### Given records:
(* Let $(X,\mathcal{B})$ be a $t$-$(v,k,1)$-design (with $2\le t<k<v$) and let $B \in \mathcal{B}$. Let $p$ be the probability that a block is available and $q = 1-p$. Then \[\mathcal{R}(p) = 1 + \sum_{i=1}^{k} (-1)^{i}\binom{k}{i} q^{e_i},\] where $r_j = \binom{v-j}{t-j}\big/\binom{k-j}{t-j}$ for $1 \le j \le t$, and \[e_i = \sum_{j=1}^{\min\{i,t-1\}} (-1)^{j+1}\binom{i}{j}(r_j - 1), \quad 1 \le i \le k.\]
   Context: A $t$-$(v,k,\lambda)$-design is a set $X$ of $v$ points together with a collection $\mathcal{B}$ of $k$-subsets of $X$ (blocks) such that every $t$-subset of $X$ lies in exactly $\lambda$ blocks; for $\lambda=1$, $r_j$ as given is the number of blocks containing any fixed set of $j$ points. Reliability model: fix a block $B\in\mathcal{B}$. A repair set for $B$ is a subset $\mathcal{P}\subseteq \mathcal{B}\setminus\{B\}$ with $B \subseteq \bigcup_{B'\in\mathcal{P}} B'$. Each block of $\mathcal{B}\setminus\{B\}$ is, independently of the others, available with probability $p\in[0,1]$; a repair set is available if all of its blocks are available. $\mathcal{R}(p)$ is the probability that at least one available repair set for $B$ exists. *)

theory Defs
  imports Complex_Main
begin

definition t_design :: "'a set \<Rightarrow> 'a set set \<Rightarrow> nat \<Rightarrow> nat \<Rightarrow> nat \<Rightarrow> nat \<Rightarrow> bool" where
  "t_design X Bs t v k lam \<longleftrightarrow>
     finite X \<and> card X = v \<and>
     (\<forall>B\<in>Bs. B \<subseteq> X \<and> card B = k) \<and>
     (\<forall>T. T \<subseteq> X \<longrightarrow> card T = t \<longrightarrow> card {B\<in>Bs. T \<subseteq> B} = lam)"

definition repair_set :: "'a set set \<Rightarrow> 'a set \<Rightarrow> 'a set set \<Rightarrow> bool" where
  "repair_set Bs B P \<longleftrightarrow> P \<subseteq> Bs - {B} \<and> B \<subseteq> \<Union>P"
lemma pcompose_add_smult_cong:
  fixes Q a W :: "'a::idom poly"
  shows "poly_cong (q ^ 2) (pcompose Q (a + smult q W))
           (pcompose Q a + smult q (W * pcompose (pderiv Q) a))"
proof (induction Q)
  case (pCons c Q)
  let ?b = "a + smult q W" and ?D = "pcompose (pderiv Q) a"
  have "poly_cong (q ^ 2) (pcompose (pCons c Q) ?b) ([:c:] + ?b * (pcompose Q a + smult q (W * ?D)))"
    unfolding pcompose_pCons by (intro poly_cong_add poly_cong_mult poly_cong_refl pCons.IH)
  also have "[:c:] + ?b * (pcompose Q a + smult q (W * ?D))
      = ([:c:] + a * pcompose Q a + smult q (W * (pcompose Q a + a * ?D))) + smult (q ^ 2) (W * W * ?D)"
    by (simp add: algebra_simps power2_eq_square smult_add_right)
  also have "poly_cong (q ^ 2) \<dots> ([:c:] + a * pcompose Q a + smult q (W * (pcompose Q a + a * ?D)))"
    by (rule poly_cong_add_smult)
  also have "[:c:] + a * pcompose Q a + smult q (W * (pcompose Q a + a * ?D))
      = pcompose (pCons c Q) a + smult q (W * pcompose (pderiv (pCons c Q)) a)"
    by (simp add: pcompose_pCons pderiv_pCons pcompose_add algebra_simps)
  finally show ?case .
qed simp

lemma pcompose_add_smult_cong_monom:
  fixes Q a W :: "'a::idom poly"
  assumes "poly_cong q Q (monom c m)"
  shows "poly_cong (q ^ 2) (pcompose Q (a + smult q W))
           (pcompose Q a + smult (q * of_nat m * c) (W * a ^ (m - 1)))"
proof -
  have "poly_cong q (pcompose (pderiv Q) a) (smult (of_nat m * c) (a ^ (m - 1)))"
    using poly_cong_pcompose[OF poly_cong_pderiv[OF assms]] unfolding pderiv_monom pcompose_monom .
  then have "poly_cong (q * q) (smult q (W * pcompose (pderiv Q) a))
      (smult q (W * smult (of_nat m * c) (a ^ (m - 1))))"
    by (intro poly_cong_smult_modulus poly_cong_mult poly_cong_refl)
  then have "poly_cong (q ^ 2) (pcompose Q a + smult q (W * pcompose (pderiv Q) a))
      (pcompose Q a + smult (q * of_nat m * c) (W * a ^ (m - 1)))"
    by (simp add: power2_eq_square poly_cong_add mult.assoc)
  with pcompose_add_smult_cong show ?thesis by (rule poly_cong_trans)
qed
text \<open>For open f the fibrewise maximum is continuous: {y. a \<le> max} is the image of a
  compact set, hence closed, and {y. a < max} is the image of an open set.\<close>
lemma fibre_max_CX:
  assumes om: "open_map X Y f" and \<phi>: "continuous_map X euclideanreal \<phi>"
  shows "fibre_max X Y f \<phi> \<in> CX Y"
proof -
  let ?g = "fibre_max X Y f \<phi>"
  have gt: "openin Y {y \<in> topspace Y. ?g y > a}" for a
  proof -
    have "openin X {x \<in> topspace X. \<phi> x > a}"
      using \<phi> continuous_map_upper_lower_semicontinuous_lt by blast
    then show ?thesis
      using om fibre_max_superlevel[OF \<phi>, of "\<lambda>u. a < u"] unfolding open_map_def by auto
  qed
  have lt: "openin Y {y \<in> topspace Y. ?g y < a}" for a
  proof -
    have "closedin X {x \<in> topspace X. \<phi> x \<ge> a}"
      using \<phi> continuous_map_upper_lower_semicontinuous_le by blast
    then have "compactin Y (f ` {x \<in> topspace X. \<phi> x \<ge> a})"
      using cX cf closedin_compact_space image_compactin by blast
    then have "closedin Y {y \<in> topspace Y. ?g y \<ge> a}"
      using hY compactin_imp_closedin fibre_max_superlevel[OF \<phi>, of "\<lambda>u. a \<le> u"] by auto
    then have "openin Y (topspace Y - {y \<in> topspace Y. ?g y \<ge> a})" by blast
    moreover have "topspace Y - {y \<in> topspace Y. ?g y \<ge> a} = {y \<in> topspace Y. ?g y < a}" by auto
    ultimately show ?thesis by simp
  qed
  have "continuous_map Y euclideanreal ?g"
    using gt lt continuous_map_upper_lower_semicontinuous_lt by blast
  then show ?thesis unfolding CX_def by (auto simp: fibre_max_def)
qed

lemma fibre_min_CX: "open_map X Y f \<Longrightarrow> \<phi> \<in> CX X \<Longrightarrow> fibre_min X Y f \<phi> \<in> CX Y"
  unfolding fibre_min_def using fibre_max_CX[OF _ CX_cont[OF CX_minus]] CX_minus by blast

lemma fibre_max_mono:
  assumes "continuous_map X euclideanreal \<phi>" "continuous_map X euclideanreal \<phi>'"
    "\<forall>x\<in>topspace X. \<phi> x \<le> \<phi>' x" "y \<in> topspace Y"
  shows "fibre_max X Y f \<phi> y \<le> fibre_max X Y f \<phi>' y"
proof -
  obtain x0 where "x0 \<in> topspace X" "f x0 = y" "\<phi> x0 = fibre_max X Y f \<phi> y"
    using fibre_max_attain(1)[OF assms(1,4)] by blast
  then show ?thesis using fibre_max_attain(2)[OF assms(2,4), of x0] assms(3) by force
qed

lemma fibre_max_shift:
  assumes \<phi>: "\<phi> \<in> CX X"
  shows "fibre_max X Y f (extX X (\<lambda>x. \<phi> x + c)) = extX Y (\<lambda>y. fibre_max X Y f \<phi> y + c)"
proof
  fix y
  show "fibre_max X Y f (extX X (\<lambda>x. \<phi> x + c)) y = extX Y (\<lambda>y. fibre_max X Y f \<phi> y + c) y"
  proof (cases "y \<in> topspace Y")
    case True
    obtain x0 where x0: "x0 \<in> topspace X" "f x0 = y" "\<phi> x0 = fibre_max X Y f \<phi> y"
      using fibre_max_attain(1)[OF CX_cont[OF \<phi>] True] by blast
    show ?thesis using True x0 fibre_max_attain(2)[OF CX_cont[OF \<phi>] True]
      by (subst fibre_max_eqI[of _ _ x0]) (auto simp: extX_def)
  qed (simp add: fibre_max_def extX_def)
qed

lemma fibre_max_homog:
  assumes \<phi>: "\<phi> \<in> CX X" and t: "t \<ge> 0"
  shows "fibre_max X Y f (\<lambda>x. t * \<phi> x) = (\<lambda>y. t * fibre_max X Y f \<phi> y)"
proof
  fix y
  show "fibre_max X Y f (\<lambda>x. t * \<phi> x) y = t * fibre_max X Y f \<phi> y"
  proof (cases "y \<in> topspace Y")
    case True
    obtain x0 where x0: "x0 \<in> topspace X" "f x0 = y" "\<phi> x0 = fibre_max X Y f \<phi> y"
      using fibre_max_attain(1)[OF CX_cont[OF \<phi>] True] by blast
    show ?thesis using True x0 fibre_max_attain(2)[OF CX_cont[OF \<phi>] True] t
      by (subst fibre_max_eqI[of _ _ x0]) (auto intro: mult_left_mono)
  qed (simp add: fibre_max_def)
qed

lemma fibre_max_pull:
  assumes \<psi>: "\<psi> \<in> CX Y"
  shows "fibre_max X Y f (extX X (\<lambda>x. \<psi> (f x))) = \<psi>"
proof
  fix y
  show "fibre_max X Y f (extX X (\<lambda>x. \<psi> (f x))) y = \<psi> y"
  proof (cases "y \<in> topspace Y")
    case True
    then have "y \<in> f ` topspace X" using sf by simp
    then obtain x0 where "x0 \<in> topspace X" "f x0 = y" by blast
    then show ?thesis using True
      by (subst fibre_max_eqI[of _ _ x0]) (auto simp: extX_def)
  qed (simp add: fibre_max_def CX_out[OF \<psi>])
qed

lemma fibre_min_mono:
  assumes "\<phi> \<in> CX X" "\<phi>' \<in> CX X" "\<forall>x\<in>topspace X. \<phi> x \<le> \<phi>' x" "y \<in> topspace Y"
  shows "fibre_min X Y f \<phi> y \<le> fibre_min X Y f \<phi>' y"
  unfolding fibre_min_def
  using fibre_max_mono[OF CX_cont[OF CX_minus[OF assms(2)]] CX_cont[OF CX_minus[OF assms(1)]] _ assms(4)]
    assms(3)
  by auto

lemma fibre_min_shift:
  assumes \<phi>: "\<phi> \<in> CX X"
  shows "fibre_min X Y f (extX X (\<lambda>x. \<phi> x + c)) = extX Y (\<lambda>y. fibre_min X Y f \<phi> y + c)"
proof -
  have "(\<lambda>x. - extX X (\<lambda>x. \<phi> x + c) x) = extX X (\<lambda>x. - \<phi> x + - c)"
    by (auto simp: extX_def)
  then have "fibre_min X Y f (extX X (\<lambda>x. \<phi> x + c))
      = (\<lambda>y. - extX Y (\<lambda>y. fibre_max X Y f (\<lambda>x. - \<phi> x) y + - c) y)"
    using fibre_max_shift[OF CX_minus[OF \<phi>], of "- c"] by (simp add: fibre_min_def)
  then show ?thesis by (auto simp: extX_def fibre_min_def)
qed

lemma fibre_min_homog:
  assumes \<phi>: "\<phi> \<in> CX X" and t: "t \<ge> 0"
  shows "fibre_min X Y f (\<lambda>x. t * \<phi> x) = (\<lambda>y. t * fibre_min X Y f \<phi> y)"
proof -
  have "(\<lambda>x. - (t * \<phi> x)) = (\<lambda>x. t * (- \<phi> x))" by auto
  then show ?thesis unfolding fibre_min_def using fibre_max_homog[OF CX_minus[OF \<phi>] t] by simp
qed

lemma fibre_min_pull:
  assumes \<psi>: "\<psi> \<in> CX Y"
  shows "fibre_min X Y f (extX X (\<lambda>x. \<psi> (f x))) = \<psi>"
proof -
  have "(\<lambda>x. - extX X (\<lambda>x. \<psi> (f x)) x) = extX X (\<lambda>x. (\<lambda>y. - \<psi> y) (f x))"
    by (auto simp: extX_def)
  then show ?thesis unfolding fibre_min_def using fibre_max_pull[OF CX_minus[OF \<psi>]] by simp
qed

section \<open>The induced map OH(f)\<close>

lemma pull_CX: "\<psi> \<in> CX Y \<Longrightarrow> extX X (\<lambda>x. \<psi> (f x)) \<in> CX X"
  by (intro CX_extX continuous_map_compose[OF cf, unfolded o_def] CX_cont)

### What is required:
Gather each line of the listing that holds the string "assumes".

### Answer space:
  assumes "poly_cong q Q (monom c m)"
  assumes om: "open_map X Y f" and \<phi>: "continuous_map X euclideanreal \<phi>"
  assumes "continuous_map X euclideanreal \<phi>" "continuous_map X euclideanreal \<phi>'"
  assumes \<phi>: "\<phi> \<in> CX X"
  assumes \<phi>: "\<phi> \<in> CX X" and t: "t \<ge> 0"
  assumes \<psi>: "\<psi> \<in> CX Y"
  assumes "\<phi> \<in> CX X" "\<phi>' \<in> CX X" "\<forall>x\<in>topspace X. \<phi> x \<le> \<phi>' x" "y \<in> topspace Y"
  assumes \<phi>: "\<phi> \<in> CX X"
  assumes \<phi>: "\<phi> \<in> CX X" and t: "t \<ge> 0"
  assumes \<psi>: "\<psi> \<in> CX Y"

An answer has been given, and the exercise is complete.